This is the subhead for the blog post

With little fanfare, Google posted the following announcement on their Inside AdWords blog this week:

The following types of websites are likely to merit low landing page quality scores and may be difficult to advertise affordably. In addition, it’s important for advertisers of these types of websites to adhere to our landing page quality guidelines regarding unique content.

  • eBook sites that show frequent ads
  • ‘Get rich quick’ sites
  • Comparison shopping sites
  • Travel aggregators
  • Affiliates that don’t comply with our affiliate guidelines

Sounds pretty innocuous at first, that is until you read the line “Comparison shopping sites.”

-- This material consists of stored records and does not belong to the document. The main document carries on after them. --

(* Let $\mathbf{A}\in\mathbb{R}^{m\times n}$ have rank $\rho$ with thin SVD $\mathbf{A}=\mathbf{U}_k\mathbf{\Sigma}_k\mathbf{V}_k^{T}+\mathbf{U}_{\rho-k}\mathbf{\Sigma}_{\rho-k}\mathbf{V}_{\rho-k}^{T}$, where $1\le k<\rho$, $\mathbf{U}_k\in\mathbb{R}^{m\times k}$, $\mathbf{V}_k\in\mathbb{R}^{n\times k}$ hold the top $k$ left/right singular vectors, $\mathbf{U}_{\rho-k},\mathbf{V}_{\rho-k}$ hold the remaining $\rho-k$ ones, and the singular values are $\sigma_1\ge\dots\ge\sigma_\rho>0$; let $\gamma_k=\sigma_{k+1}/\sigma_k$. Let $p\ge0$ be an integer and $\mathbf{S}\in\mathbb{R}^{n\times k}$ any matrix. Let $(\mathbf{A}\mathbf{A}^{T})^p\mathbf{A}\mathbf{S}=\mathbf{Q}\mathbf{R}$ be a QR factorization with $\mathbf{Q}\in\mathbb{R}^{m\times k}$ having orthonormal columns and $\mathbf{R}\in\mathbb{R}^{k\times k}$, let $\mathbf{Q}^{T}\mathbf{A}=\mathbf{U}_{\mathbf{Q}^{T}\mathbf{A}}\mathbf{\Sigma}_{\mathbf{Q}^{T}\mathbf{A}}\mathbf{V}_{\mathbf{Q}^{T}\mathbf{A}}^{T}$ be an SVD with $\mathbf{U}_{\mathbf{Q}^{T}\mathbf{A}}\in\mathbb{R}^{k\times k}$ orthogonal, and set $\tilde{\mathbf{U}}_k=\mathbf{Q}\mathbf{U}_{\mathbf{Q}^{T}\mathbf{A}}$. Then $$\sigma_k(\mathbf{V}_k^{T}\mathbf{S})\,\|\mathbf{U}_k\mathbf{U}_k^{T}-\tilde{\mathbf{U}}_k\tilde{\mathbf{U}}_k^{T}\|_2\le\gamma_k^{2p+1}\,\sigma_1(\mathbf{V}_{\rho-k}^{T}\mathbf{S}).$$
   Context: $\sigma_i(\mathbf{M})$ denotes the $i$-th largest singular value of a matrix $\mathbf{M}$, and $\|\cdot\|_2$ is the spectral norm. *)

theory Defs
  imports "HOL-Analysis.Analysis"
begin

text \<open>i-th largest singular value (1-indexed) of a real matrix, via the
  Courant--Fischer max-min formula over i-dimensional subspaces of the domain.\<close>
definition sing_val :: "real^'n^'m \<Rightarrow> nat \<Rightarrow> real" where
  "sing_val M i =
     (SUP W \<in> {W :: (real^'n) set. subspace W \<and> dim W = i}.
        INF x \<in> {x \<in> W. norm x = 1}. norm (M *v x))"

definition spec_norm :: "real^'n^'m \<Rightarrow> real" where
  "spec_norm M = onorm (\<lambda>x. M *v x)"

definition mat_pow :: "real^'n^'n \<Rightarrow> nat \<Rightarrow> real^'n^'n" where
  "mat_pow B p = (((**) B) ^^ p) (mat 1)"

end

theory Submission imports Defs begin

To me, this is huge news, for three reasons. First, comparison shopping engines (CSEs) drive a huge percentage of Google’s revenue. I don’t know the exact percentage, but it wouldn’t shock me if all the CSEs combined (Shopping.com, Shopzilla, Nextag, Smarter, Become, etc) made up 10% or more of Google’s AdWords revenue.

So to call out these sites as being ‘bad sites’ that Google will try to disallow is sort of like your local grocery store saying that they will no longer sell candy because it’s bad for you. As we all know, however, Google does not make decisions based on some sort of higher standard of ethics or consumer advocacy, so for Google to directly attack CSEs, there must be a darn good financial reason behind this.

And that brings me to reason number two: Google’s continued war against eBay and Microsoft. As I’ve discussed in the past, Google has developed a lot of products to directly compete against these two companies. And guess what? Each of them has a comparison shopping site – eBay owns Shopping.com and MSN has MSN Shopping (though I am not sure whether they actually advertise on Google or not). What better way to hurt your rivals than to prevent them from advertising on your site, which just so happens to be the biggest advertising medium online?

The real revenue impact, however, comes with reason #3: Google Base. Preventing other CSEs from advertising on Google will naturally inhibit their ability to grow their user base. At the same time, Google’s universal search initiative has increasingly emphasized Google Base results within Google natural search results.

Do you see a trend here? Less exposure for rival CSEs, more exposure for Google’s homegrown CSE. Granted Google Base is currently free, but to paraphrase Milton Friedman, ‘there ain’t no such thing as a free lunch.’ Is there any doubt that Google will eventually begin to monetize Google Base traffic, either through AdSense or through a classic ‘charge the merchant’ CSE model?

A lot of people yawned when Google yanked the “free iPod” or “Made for AdSense” sites from the AdWords mix. I’m shocked that this announcement seems to have resulted in the same sense of apathy. If I was working for a CSE at the moment, the only yawns I’d have would be coming after many sleepless nights.